Eva Vavroušková, 2019
Eva Vavroušková, 2019
photo: Post Bellum

Eva Vavroušková, née Mannheimerová, was born on September 13, 1940 in Jerusalem. Her father Vilém Mannheimer was of Jewish origin. Her mother Růžena, called Věra, converted to the Jewish faith. In 1939, the parents managed to escape from the Nazis from persecution from the protectorate. Her father joined the British army, fighting at Tobruk and Dunkirk. The family returned to Czechoslovakia after the war, they met again in 1946 in Prague. Eva started going to school in Prague and in 1958 she graduated from the eleven grades school. She wanted to study the humanities, but it did not go together with her family background, the witness began studying technology and in 1964 she graduated as a mechanical engineer at the Faculty of Mechanical Engineering of the Czech Technical University. She married Ladislav Mlčouch and they both fell in love with climbing. The young couple had a daughter, Kateřina, in 1962. In the 1960s, Eva worked in Tesla Holešovice, where she was one of the first Czechs to work with a computer.
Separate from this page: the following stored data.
lemma orientable_prism_imp_distinguished:
  assumes "orientable_prism p \<delta> I"
  shows "\<exists>d\<in>m. distinguished \<delta> d \<and> I = gen_ideal {d}"
proof -
  obtain d where I: "I = gen_ideal {d}"
    and complete: "derived_complete (gen_ideal (insert (of_nat p) I))"
    and p_mem_I: "of_nat p \<in> gen_ideal (I \<union> frob p \<delta> ` I)"
    using assms unfolding orientable_prism_def prism_def by blast
  have "d \<in> m"
    using principal_prism_generator_mem complete unfolding I .
  moreover have "distinguished \<delta> d"
    using distinguished_if_p_mem_gen_ideal_frob[OF \<open>d \<in> m\<close>] p_mem_I
    unfolding I gen_ideal_principal_union_frob[OF delta] .
  ultimately show ?thesis
    using I by blast
qed

end

lemma locally_free_rank_one_principal:
  fixes d :: "'a::idom"
  assumes "d \<noteq> 0"
  shows "locally_free_rank_one (gen_ideal {d})"
  unfolding locally_free_rank_one_def
proof (intro exI[of _ "{1}"] conjI ballI)
  show "1 \<in> gen_ideal {1::'a}"
    using gen_ideal_generators by blast
  fix f :: 'a assume "f \<in> {1}"
  then show "\<exists>g\<in>gen_ideal {d}. (\<forall>y\<in>gen_ideal {d}. \<exists>N c. f ^ N * y = c * g) \<and>
      (\<forall>c. (\<exists>M. f ^ M * (c * g) = 0) \<longrightarrow> (\<exists>K. f ^ K * c = 0))"
    using assms by (intro bexI[of _ d]) (auto simp: gen_ideal_singleton)
qed simp

lemma distinguished_imp_orientable_prism:
  fixes \<delta> :: "'a::idom \<Rightarrow> 'a"
  assumes "local_delta_ring p \<delta> m" "adically_complete m" "d \<in> m" "distinguished \<delta> d"
  shows "orientable_prism p \<delta> (gen_ideal {d})"
proof -
  interpret local_delta_ring p \<delta> m
    by fact
  have "d \<noteq> 0"
    using \<open>distinguished \<delta> d\<close> delta
    unfolding distinguished_def unit_elem_def delta_structure_def by auto
  have "gen_ideal (insert (of_nat p) (gen_ideal {d})) \<subseteq> m"
    using p_mem \<open>d \<in> m\<close>
    by (intro gen_ideal_least is_ideal_m) (auto simp: gen_ideal_singleton intro: is_ideal_mult_left[OF is_ideal_m])
  then have "derived_complete (gen_ideal (insert (of_nat p) (gen_ideal {d})))"
    unfolding derived_complete_def using adically_complete_imp_derived_complete_elem[OF assms(2)] by blast
  moreover have "of_nat p \<in> gen_ideal (gen_ideal {d} \<union> frob p \<delta> ` gen_ideal {d})"
    unfolding gen_ideal_principal_union_frob[OF delta]
    by (rule distinguished_imp_p_mem_gen_ideal_frob[OF p_pos assms(4)])
  ultimately show ?thesis
    unfolding orientable_prism_def prism_def
    using is_ideal_gen_ideal locally_free_rank_one_principal[OF \<open>d \<noteq> 0\<close>] by blast
qed

locale local_delta_ring_with_generators = local_delta_ring +
  fixes X :: "'a set"
  assumes m_eq: "m = gen_ideal (insert (of_nat p) X)"
    and delta_generators: "\<And>s. s \<in> X \<Longrightarrow> \<delta> s \<in> m"
begin

lemma gen_ideal_generators_subset_delta_ideal: "gen_ideal X \<subseteq> delta_ideal"
proof (rule gen_ideal_least[OF is_ideal_delta_ideal])
  show "X \<subseteq> delta_ideal"
    using gen_ideal_generators[of "insert (of_nat p) X"] delta_generators
    unfolding delta_ideal_def m_eq[symmetric] by blast
qed

lemma p_minus_distinguished:
  assumes "f \<in> gen_ideal X"
  shows "of_nat p - f \<in> m" "distinguished \<delta> (of_nat p - f)"
proof -
  have f: "f \<in> delta_ideal"
    using assms gen_ideal_generators_subset_delta_ideal by blast
  then show "of_nat p - f \<in> m"
    using p_mem is_ideal_diff[OF is_ideal_m] unfolding delta_ideal_def by blast
  moreover have "of_nat p - f \<notin> delta_ideal"
    using f p_not_mem_delta_ideal is_ideal_add[OF is_ideal_delta_ideal] by (metis diff_add_cancel)
  ultimately show "distinguished \<delta> (of_nat p - f)"
    using distinguished_iff_not_mem_delta_ideal by blast
qed

lemma distinguished_imp_generator_p_minus:
  assumes "d \<in> m" "distinguished \<delta> d"
  shows "\<exists>f\<in>gen_ideal X. gen_ideal {d} = gen_ideal {of_nat p - f}"
proof -
  obtain a g where g: "g \<in> gen_ideal X" and d: "d = a * of_nat p + g"
    using assms(1) unfolding m_eq by (rule gen_ideal_insertE)
  have "a \<notin> m"
  proof
    assume "a \<in> m"
    then have "d \<in> delta_ideal"
      unfolding d using mult_mem_delta_ideal[OF _ p_mem] g gen_ideal_generators_subset_delta_ideal
        is_ideal_add[OF is_ideal_delta_ideal] by blast
    then show False
      using assms distinguished_iff_not_mem_delta_ideal by blast
  qed
  then have "unit_elem a"
    using local_ring_unit_iff[OF local_m] by blast
  then obtain b where "a * b = 1"
    unfolding unit_elem_def by blast
  then have "d = a * (of_nat p - - (b * g))"
    unfolding d by (simp add: distrib_left mult.assoc[symmetric])
  moreover have "- (b * g) \<in> gen_ideal X"
    using is_ideal_mult_left[OF is_ideal_gen_ideal g, of "- b"] by simp
  ultimately show ?thesis
    using gen_ideal_singleton_unit_mult[OF \<open>unit_elem a\<close>] by metis
qed

end
(* With respect to the box topology on $\mathcal{X}_*$, there is no continuous map $r\colon\mathcal{X}_*\to\mathbb{R}_+$ that is $1$-homogeneous, i.e. satisfies $r(tX)=t\,r(X)$ for all $t>0$ and $X\in\mathcal{X}_*$.
   Context: mm-spaces are triples $(X,d_X,\mu_X)$ with $(X,d_X)$ complete separable metric and $\mu_X$ a Borel probability measure, with $X=\operatorname{supp}\mu_X$. $\mathcal{X}$ is the set of their isomorphism classes under measure-preserving isometries of supports. Box distance: $\square(X,Y)$ is the infimum of $\varepsilon\ge0$ such that there exist Borel maps $\varphi,\psi$ from $[0,1)$ pushing Lebesgue measure to $\mu_X,\mu_Y$ and a Borel $I_0$ of measure $\ge1-\varepsilon$ with $|d_X(\varphi(s),\varphi(t))-d_Y(\psi(s),\psi(t))|\le\varepsilon$ on $I_0$. It induces the box topology. $tX=(X,t\,d_X,\mu_X)$ for $t\in\mathbb{R}_+=(0,\infty)$. $\mathcal{X}_*=\mathcal{X}\setminus\{*\}$, where $*$ is the one-point space. *)

theory Defs
  imports "HOL-Analysis.Analysis" "HOL-Probability.Probability"
begin

text \<open>Every complete separable metric space has cardinality
at most that of the continuum, so every mm-space is isomorphic to one whose underlying set
is a subset of the reals (with an arbitrary metric d, not the usual one).\<close>

type_synonym mm = "real set \<times> (real \<Rightarrow> real \<Rightarrow> real) \<times> real measure"

definition mm_set :: "mm \<Rightarrow> real set" where "mm_set M = fst M"
definition mm_dist :: "mm \<Rightarrow> real \<Rightarrow> real \<Rightarrow> real" where "mm_dist M = fst (snd M)"
definition mm_meas :: "mm \<Rightarrow> real measure" where "mm_meas M = snd (snd M)"

definition mm_support :: "real set \<Rightarrow> (real \<Rightarrow> real \<Rightarrow> real) \<Rightarrow> real measure \<Rightarrow> real set" where
  "mm_support X d \<mu> = {x \<in> X. \<forall>r>0. emeasure \<mu> (Metric_space.mball X d x r) > 0}"
lemma summable_gtil_terms:
  assumes qt_pos: "\<And>l. 0 < qt q R (Suc l)"
    and qt_ratio: "(\<lambda>l. qt q R (Suc (Suc l)) / qt q R (Suc l)) \<longlonglongrightarrow> 1"
    and EQ: "ftil q R 1 > 1 \<or> (ftil q R 1 = 1 \<and> gtil q R 1 < \<infinity>)"
    and "0 < \<mu>" "\<mu> \<le> 1" "ftil q R \<mu> = 1"
  shows "summable (\<lambda>l. real (Suc l) * qt q R (Suc l) * \<mu> ^ Suc l)"
proof (cases "\<mu> = 1")
  case True
  with EQ \<open>ftil q R \<mu> = 1\<close> have "gtil q R \<mu> \<noteq> \<infinity>" by auto
  then show ?thesis
    using qt_pos \<open>0 < \<mu>\<close> by (intro summable_suminf_not_top) (simp_all add: gtil_def less_imp_le)
next
  case False
  with \<open>\<mu> \<le> 1\<close> show ?thesis
    by (intro summable_of_nat_mult_power_if_ratio_tendsto_1 qt_pos qt_ratio \<open>0 < \<mu>\<close>) simp
qed

theorem corollary11:
  fixes q :: "nat \<Rightarrow> real" and R \<rho>s \<mu>s :: real
  assumes qpos: "\<forall>l\<ge>1. q l > 0"
    and q1: "q 1 = 1"
    and Rlim: "(\<lambda>l. q l / q (Suc l)) \<longlonglongrightarrow> R"
    and Rpos: "R > 0"
    and EQ: "ftil q R 1 > 1 \<or> (ftil q R 1 = 1 \<and> gtil q R 1 < \<infinity>)"
    and rhos: "\<rho>s > 0"
    and mus: "\<mu>s \<in> {0<..1}" "ftil q R \<mu>s = 1"
  shows "\<forall>z\<in>X0plus. rho z = \<rho>s \<longrightarrow>
           Atil q R z \<ge> \<rho>s * ln \<mu>s \<and>
           \<rho>s * ln \<mu>s = Atil q R (\<lambda>l. (\<rho>s / enn2real (gtil q R \<mu>s)) * qt q R l * \<mu>s ^ l)"
proof -
  have "0 < \<mu>s" "\<mu>s \<le> 1" using mus(1) by auto
  have qt_pos: "0 < qt q R (Suc l)" for l using qpos Rpos by (simp add: qt_def)
  note qt_ratio = qt_ratio_tendsto_1[OF qpos Rlim Rpos]
  have weights: "(\<lambda>l. qt q R (Suc l) * \<mu>s ^ Suc l) sums 1"
    using mus(2) qt_pos \<open>0 < \<mu>s\<close>
    by (intro sums_if_suminf_ennreal_eq) (auto simp: ftil_def less_imp_le)
  define g where "g = (\<lambda>l. real (Suc l) * qt q R (Suc l) * \<mu>s ^ Suc l)"
  have "summable g" unfolding g_def
    using summable_gtil_terms[OF qt_pos qt_ratio EQ \<open>0 < \<mu>s\<close> \<open>\<mu>s \<le> 1\<close> mus(2)] .
  have g_pos: "0 < g l" for l using qt_pos \<open>0 < \<mu>s\<close> by (simp add: g_def)
  then have "gtil q R \<mu>s = ennreal (suminf g)" and "0 < suminf g"
    using suminf_ennreal2[OF less_imp_le \<open>summable g\<close>] suminf_pos[OF \<open>summable g\<close>]
    by (simp_all add: gtil_def g_def)
  with \<open>summable g\<close> have "Atil q R (\<lambda>l. (\<rho>s / enn2real (gtil q R \<mu>s)) * qt q R l * \<mu>s ^ l) = \<rho>s * ln \<mu>s"
    using Atil_geometric[OF qt_pos \<open>0 < \<mu>s\<close> _ weights, of "\<rho>s / suminf g" "suminf g"] rhos
    unfolding g_def by (simp add: summable_sums)
  then show ?thesis
    using Atil_ge_rho_mult_ln[OF qt_pos qt_ratio \<open>0 < \<mu>s\<close> weights] rhos by auto
qed

end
In 1968, she was hit by a tragedy when her husband Ladislav Mlčouch tragically died while climbing Mont Blanc. Eva remarried in 1973, she married Josef Vavroušek. A year later, their daughter Petra was born. After maternity leave, she worked at the Tesla General Directorate, then at the Pivovary a Sladovny concern. The family interacted with Chartists, such as Jiří Müller. Her husband Josef Vavroušek was involved in the Civic Forum from the very beginning and became the Minister of the Environment. In the spring of 1995, her husband Josef and younger daughter Petra died tragically in the Parichvost valley in the Western Tatras. Today, Eva Vavroušková lives in Prague and is still involved in the environmentally oriented Society for Sustainable Living.